According to the technical scheme, in the authentication stage, a user collects a face image to be recognized through a camera shooting mode or a file uploading mode at a web client.

According to the technical scheme, when the face is matched, the server side adopts an Euclidean distance estimation method, the expected string of the negative database stored in the server and the expected string of the negative database transmitted by the web client side are subjected to Euclidean distance calculation, and if the calculated value is lower than the threshold value, the face matching is successful.

According to the technical scheme, the face data model comprises a preset face detection model, a face landmark detection model and a face recognition model; wherein the face recognition model calculates a feature vector with 128 values from the face image to describe the face features.

In the technical scheme, the facial landmark detection model is a 68-point-surface landmark detection model.

In connection with the above technical solution, invoking a negative database generation algorithm to generate a negative database from the effective original face feature data specifically comprises the following steps:

converting a 128-value feature vector representing the human face features from a floating point number to a binary system to obtain an m-bit binary string x, wherein the positive and negative are judged firstly, then a digital main body part is converted to an integer and is binarized, and after the binary string of the digital main body part and a head symbol are combined together, the sign, the length and the binary string are stored in an original string data structure;

randomly generating a specific m-bit binary string t, carrying out XOR operation on the specific m-bit binary string t and a binary string x representing the face feature data to obtain an original hidden input string of a negative database generation algorithm, and calling a QK-hidden negative database generation algorithm to generate a negative database of the face features of the user.

According to the technical scheme, the two expected strings are compared through the Euclidean distance, if the two expected strings are lower than the threshold value, the face matching is successful, and the user is judged to be a legal user; otherwise, the face matching fails, and the illegal user is judged.

In the above technical solution, the expected string of the negative database is calculated by calculating probabilities of '0' and '1' at any bit of the original hidden input string.

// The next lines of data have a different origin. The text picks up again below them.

text \<open>Singular values s_1 \<ge> s_2 \<ge> s_3: nonnegative square roots of the eigenvalues of
  M^* M (counted with multiplicity, as roots of its characteristic polynomial),
  listed in decreasing order; singular_value M k is s_k(M) for k = 1,2,3.\<close>
definition singular_value :: "cmat3 \<Rightarrow> nat \<Rightarrow> real" where
  "singular_value M k =
     sqrt (rev (sorted_list_of_multiset
             (image_mset Re (proots (char_poly3 (adjoint_mat M ** M))))) ! (k - 1))"

end

theory Submission
  imports Defs
begin

(* For T = A, B write H_T(z) = (zI - T)^* (zI - T).  The roots of its characteristic
   polynomial x^3 - tr H x^2 + e2(H) x - det H are the s_k(zI - T)^2, and the resolvent
   norm is 1 / s_3(zI - T).  Hence (2) gives equal resolvent norms and, through
   det H_T = |chi_T(z)|^2, equal moduli of the monic polynomials chi_A and chi_B, which
   forces chi_A = chi_B.
   Conversely, under (1) det H_A = det H_B, d = tr H_A - tr H_B = ||A||_F^2 - ||B||_F^2 is
   constant, and s_3^2 is a common root, so e2(H_A) - e2(H_B) = d s_3^2 off the spectrum.
   If d were nonzero, then on every line z = t w the function s_3(tw - A)^2 would be a
   polynomial in t lying between (|t| - ||A||)^2 and (|t| + ||A||)^2, hence equal to
   t^2 + c t + c'; comparing with ||(tw - A) x||^2 as t -> +-infinity shows that
   Re <w x, A x> / ||x||^2 is constant, so A, and likewise B, is scalar, and equal traces
   give A = B, contradicting d /= 0.  So d = 0, and e2(H_A) = e2(H_B) off a finite set,
   hence everywhere by continuity. *)

no_notation fps_nth (infixl \<open>$\<close> 75)
lemma cesaro_mean_tendsto:
  fixes a :: "nat \<Rightarrow> real"
  assumes "a \<longlonglongrightarrow> L"
  shows "(\<lambda>n. (\<Sum>i<n. a i) / real n) \<longlonglongrightarrow> L"
proof (rule LIMSEQ_I)
  fix e :: real assume e: "0 < e"
  obtain N where N: "\<And>i. i \<ge> N \<Longrightarrow> \<bar>a i - L\<bar> < e / 2"
    using LIMSEQ_D[OF assms, of "e / 2"] e by auto
  define C where "C = (\<Sum>i<N. \<bar>a i - L\<bar>)"
  obtain M :: nat where M: "2 * C / e < M" using reals_Archimedean2 by blast
  have "\<bar>(\<Sum>i<n. a i) / real n - L\<bar> < e" if n: "max (Suc N) M \<le> n" for n
  proof -
    have "\<bar>\<Sum>i<N. a i - L\<bar> \<le> C" unfolding C_def by (rule sum_abs)
    also have "C < e / 2 * real n"
    proof -
      have "2 * C / e < real n" using M n by linarith
      thus ?thesis using e by (simp add: field_simps)
    qed
    finally have head: "\<bar>\<Sum>i<N. a i - L\<bar> < e / 2 * real n" .
    have "\<bar>\<Sum>j<n - N. a (N + j) - L\<bar> \<le> (\<Sum>j<n - N. e / 2)"
      using N by (intro order.trans[OF sum_abs] sum_mono) (simp add: less_imp_le)
    also have "\<dots> \<le> e / 2 * real n" using e by simp
    finally have tail: "\<bar>\<Sum>j<n - N. a (N + j) - L\<bar> \<le> e / 2 * real n" .
    have "(\<Sum>i<n. a i - L) = (\<Sum>i<N. a i - L) + (\<Sum>j<n - N. a (N + j) - L)"
      using sum_lessThan_add[of "\<lambda>i. a i - L" N "n - N"] n by simp
    hence "\<bar>\<Sum>i<n. a i - L\<bar> < e * real n" using head tail by linarith
    moreover have "(\<Sum>i<n. a i) / real n - L = (\<Sum>i<n. a i - L) / real n"
      using n by (simp add: sum_subtractf field_simps)
    ultimately show ?thesis using n by (simp add: abs_divide field_simps)
  qed
  thus "\<exists>n0. \<forall>n\<ge>n0. norm ((\<Sum>i<n. a i) / real n - L) < e"
    by (intro exI[of _ "max (Suc N) M"]) simp
qed

lemma labels_disc_over_n_tendsto:
  assumes "slow_schedule \<kappa>"
  shows "(\<lambda>n. labels_disc \<kappa> n t / real n) \<longlonglongrightarrow> 0"
proof (rule Lim_null_comparison)
  show "(\<lambda>n. 4 * (real n + 1) powr (1 / 4) * grid_disc n / real n) \<longlonglongrightarrow> 0"
    unfolding grid_disc_def by real_asymp
  show "\<forall>\<^sub>F n in sequentially. norm (labels_disc \<kappa> n t / real n)
      \<le> 4 * (real n + 1) powr (1 / 4) * grid_disc n / real n"
    using labels_disc_bound[OF assms] by (intro always_eventually allI) (simp add: abs_divide divide_right_mono)
qed

lemma emp_nu_labels_singleton_tendsto: "(\<lambda>n. emp_nu grid (labels \<kappa>) n {t}) \<longlonglongrightarrow> 0"
proof (rule Lim_null_comparison[OF _ grid_count_singleton_tendsto])
  have "\<bar>\<Sum>i<n. labels \<kappa> i * indicator {t} (grid i)\<bar> \<le> grid_count {t} n" for n
  proof -
    have "\<bar>labels \<kappa> i\<bar> \<le> 1" for i using labels_01[of \<kappa> i] by auto
    thus ?thesis unfolding grid_count_def
      by (intro order.trans[OF sum_abs sum_mono]) (auto simp: indicator_def)
  qed
  thus "\<forall>\<^sub>F n in sequentially. norm (emp_nu grid (labels \<kappa>) n {t}) \<le> grid_count {t} n / real n"
    by (intro always_eventually allI) (simp add: emp_nu_def abs_divide divide_right_mono)
qed

lemma stable_labels:
  assumes "slow_schedule \<kappa>"
    and cdf: "\<And>t. (\<lambda>i. comb_cdf (\<kappa> i) (unif01_cdf t)) \<longlonglongrightarrow> reg_nu unif01 m {..t}"
    and atom: "\<And>t. reg_nu unif01 m {t} = 0"
  shows "stable unif01 m grid (labels \<kappa>)"
  unfolding stable_def
proof (intro allI conjI)
  fix t
  show "(\<lambda>n. emp_mu grid n {..t}) \<longlonglongrightarrow> measure unif01 {..t}"
    using grid_count_atMost_tendsto by (simp add: emp_mu_def grid_count_def measure_unif01_atMost)
  show "(\<lambda>n. emp_mu grid n {t}) \<longlonglongrightarrow> measure unif01 {t}"
    using grid_count_singleton_tendsto by (simp add: emp_mu_def grid_count_def measure_unif01_singleton)
  show "(\<lambda>n. emp_nu grid (labels \<kappa>) n {t}) \<longlonglongrightarrow> reg_nu unif01 m {t}"
    unfolding atom by (rule emp_nu_labels_singleton_tendsto)
  have "emp_nu grid (labels \<kappa>) n {..t}
      = labels_disc \<kappa> n t / real n + (\<Sum>i<n. comb_cdf (\<kappa> i) (unif01_cdf t)) / real n" for n
    by (simp add: emp_nu_def labels_disc_def sum_subtractf add_divide_distrib[symmetric])
  thus "(\<lambda>n. emp_nu grid (labels \<kappa>) n {..t}) \<longlonglongrightarrow> reg_nu unif01 m {..t}"
    using tendsto_add[OF labels_disc_over_n_tendsto[OF assms(1)] cesaro_mean_tendsto[OF cdf]] by simp
qed

lemma stable_labels_comb:
  assumes "slow_schedule \<kappa>" "\<forall>\<^sub>F i in sequentially. \<kappa> i = k"
  shows "stable unif01 (comb k) grid (labels \<kappa>)"
proof (rule stable_labels[OF assms(1) _ reg_nu_comb_singleton])
  fix t
  have "\<forall>\<^sub>F i in sequentially. comb_cdf (\<kappa> i) (unif01_cdf t) = reg_nu unif01 (comb k) {..t}"
    using assms(2) by eventually_elim (simp add: reg_nu_comb_atMost)
  thus "(\<lambda>i. comb_cdf (\<kappa> i) (unif01_cdf t)) \<longlonglongrightarrow> reg_nu unif01 (comb k) {..t}"
    by (rule tendsto_eventually)
qed

lemma stable_labels_half:
  assumes "slow_schedule \<kappa>" "filterlim \<kappa> at_top sequentially"
  shows "stable unif01 (\<lambda>_. 1 / 2) grid (labels \<kappa>)"
proof (rule stable_labels[OF assms(1)])
  fix t
  show "(\<lambda>i. comb_cdf (\<kappa> i) (unif01_cdf t)) \<longlonglongrightarrow> reg_nu unif01 (\<lambda>_. 1 / 2) {..t}"
    using filterlim_compose[OF comb_cdf_tendsto assms(2)]
    by (simp add: reg_nu_const measure_unif01_atMost)
  show "reg_nu unif01 (\<lambda>_. 1 / 2) {t} = 0"
    by (simp add: reg_nu_const measure_unif01_singleton)
qed

section \<open>The diagonal argument\<close>

lemma nn_integral_sq_dist_half:
  assumes [measurable]: "f \<in> borel_measurable borel" "g \<in> borel_measurable borel"
    and g_01: "\<And>u. g u \<in> {0, 1}"
  shows "ennreal (1 / 8) \<le> (\<integral>\<^sup>+ u. ennreal ((f u - g u)\<^sup>2) \<partial>unif01) + (\<integral>\<^sup>+ u. ennreal ((f u - 1 / 2)\<^sup>2) \<partial>unif01)"
proof -
  have pointwise: "ennreal (1 / 8) \<le> ennreal ((f u - g u)\<^sup>2) + ennreal ((f u - 1 / 2)\<^sup>2)" for u
  proof -
    have "(g u - 1 / 2)\<^sup>2 = 1 / 4" using g_01[of u] by (auto simp: power2_eq_square)
    moreover have "(g u - 1 / 2)\<^sup>2 \<le> 2 * ((f u - g u)\<^sup>2 + (f u - 1 / 2)\<^sup>2)"
      using sum_squares_ge_zero[of "2 * f u - g u - 1 / 2" 0] by (simp add: power2_eq_square algebra_simps)
    ultimately show ?thesis by (simp flip: ennreal_plus)
  qed
  have "ennreal (1 / 8) = (\<integral>\<^sup>+ u. ennreal (1 / 8) \<partial>unif01)"
    by (simp add: emeasure_unif01_UNIV)
  also have "\<dots> \<le> (\<integral>\<^sup>+ u. ennreal ((f u - g u)\<^sup>2) + ennreal ((f u - 1 / 2)\<^sup>2) \<partial>unif01)"
    by (intro nn_integral_mono pointwise)
  also have "\<dots> = (\<integral>\<^sup>+ u. ennreal ((f u - g u)\<^sup>2) \<partial>unif01) + (\<integral>\<^sup>+ u. ennreal ((f u - 1 / 2)\<^sup>2) \<partial>unif01)"
    by (intro nn_integral_add) auto
  finally show ?thesis .
qed

text \<open>Stage k freezes the rank at k from M k on; the next threshold M (Suc k) is taken so late
  that the stage-k data are already good there.\<close>
lemma stage_schedules:
  fixes good :: "(nat \<Rightarrow> nat) \<Rightarrow> nat \<Rightarrow> nat \<Rightarrow> bool"
  assumes good_eventually: "\<And>\<kappa> k. slow_schedule \<kappa> \<Longrightarrow> (\<forall>\<^sub>F i in sequentially. \<kappa> i = k)
      \<Longrightarrow> (\<forall>\<^sub>F n in sequentially. good \<kappa> k n)"
  obtains K :: "nat \<Rightarrow> nat \<Rightarrow> nat" and M :: "nat \<Rightarrow> nat"
  where "\<And>k. slow_schedule (K k)" "\<And>k i. K k i \<le> k" "\<And>k i. M k \<le> i \<Longrightarrow> K k i = k"
    "\<And>k i. K (Suc k) i = (if i < M (Suc k) then K k i else Suc k)"
    "\<And>k. M k < M (Suc k)" "\<And>k. good (K k) k (M (Suc k))"
proof -
  define next_threshold where
    "next_threshold k K0 M0 = (SOME n. M0 < n \<and> 256 ^ Suc k \<le> n + 1 \<and> good K0 k n)" for k K0 M0
  define stage where "stage = rec_nat ((\<lambda>_. 0) :: nat \<Rightarrow> nat, 0 :: nat)
    (\<lambda>k (K0, M0). (\<lambda>i. if i < next_threshold k K0 M0 then K0 i else Suc k, next_threshold k K0 M0))"
  define K where "K k = fst (stage k)" for k
  define M where "M k = snd (stage k)" for k
  have M_Suc: "M (Suc k) = next_threshold k (K k) (M k)" for k
    by (simp add: K_def M_def stage_def split_beta)
  have K_Suc: "K (Suc k) i = (if i < M (Suc k) then K k i else Suc k)" for k i
    by (simp add: K_def M_def stage_def split_beta)
  define stage_inv where "stage_inv k \<longleftrightarrow> slow_schedule (K k) \<and> (\<forall>i. K k i \<le> k) \<and> (\<forall>i. M k \<le> i \<longrightarrow> K k i = k)" for k
  have next_threshold_spec: "M k < M (Suc k) \<and> 256 ^ Suc k \<le> M (Suc k) + 1 \<and> good (K k) k (M (Suc k))"
    if "stage_inv k" for k
  proof -
    have "\<forall>\<^sub>F n in sequentially. good (K k) k n"
      using that by (intro good_eventually) (auto simp: stage_inv_def eventually_sequentially)
    moreover have "\<forall>\<^sub>F n in sequentially. M k < n \<and> 256 ^ Suc k \<le> n + 1"
      using eventually_ge_at_top[of "Suc (M k) + 256 ^ Suc k"] by eventually_elim auto
    ultimately have "\<forall>\<^sub>F n in sequentially. M k < n \<and> 256 ^ Suc k \<le> n + 1 \<and> good (K k) k n"
      by eventually_elim auto
    hence "\<exists>n. M k < n \<and> 256 ^ Suc k \<le> n + 1 \<and> good (K k) k n"
      unfolding eventually_sequentially by (meson order_refl)
    thus ?thesis unfolding M_Suc next_threshold_def by (rule someI_ex)
  qed
  have "stage_inv k" for k
  proof (induction k)
    case 0 show ?case by (simp add: stage_inv_def K_def stage_def slow_schedule_def mono_def)
  next
    case (Suc k)
    hence slow: "mono (K k)" "\<And>i. 256 ^ K k i \<le> i + 1" and le: "\<And>i. K k i \<le> k"
      by (auto simp: stage_inv_def slow_schedule_def)
    note next_k = next_threshold_spec[OF Suc]
    have "mono (K (Suc k))"
    proof (rule monoI)
      fix i j :: nat assume "i \<le> j"
      thus "K (Suc k) i \<le> K (Suc k) j"
        using monoD[OF slow(1) \<open>i \<le> j\<close>] le[of i] by (auto simp: K_Suc)
    qed
    moreover have "256 ^ K (Suc k) i \<le> i + 1" for i
    proof (cases "i < M (Suc k)")
      case False
      thus ?thesis using next_k by (simp add: K_Suc)
    qed (use slow(2)[of i] in \<open>simp add: K_Suc\<close>)
    moreover have "K (Suc k) i \<le> Suc k" for i using le[of i] by (simp add: K_Suc)
    ultimately show ?case by (simp add: stage_inv_def slow_schedule_def K_Suc)
  qed
  with next_threshold_spec show ?thesis by (intro that[of K M]) (auto simp: stage_inv_def K_Suc)
qed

The invention also provides a face recognition system based on negative database algorithm encryption, which comprises:

the Web client comprises an image acquisition module, a face feature extraction module and an encryption storage module; the image acquisition module is used for acquiring a face image of a user to be identified in a registration stage in a camera shooting or file uploading mode; the face feature extraction module is used for extracting face feature data in the image through the face data model and judging whether the face feature data is valid or not, and if the face feature data is valid, continuing; if the face image is invalid, immediately deleting the face image, prompting the user that the registration fails, and re-registering; the encryption storage module is used for generating a random key and calling a negative database generation algorithm to generate a negative database from the effective original face feature data, and simultaneously deleting the original face data immediately after the negative database is generated; the generated negative database and the key are sent to a server side to complete user registration;

the server side comprises a face recognition module and a face recognition module, wherein the face recognition module is used for respectively calculating a negative database to be verified generated by the web client side and the negative database transmitted by the web client side during registration to obtain two expected strings, comparing the two expected strings, and if the number of the expected strings is lower than a threshold value, successfully matching the face and judging the face as a legal user; otherwise, the face matching fails, and the next unmarked negative database is used for verification continuously.

The present invention further provides a storage medium, which can be executed by a processor, and in which a computer program is stored, and the computer program executes the face recognition method based on negative database algorithm encryption according to the above technical solution.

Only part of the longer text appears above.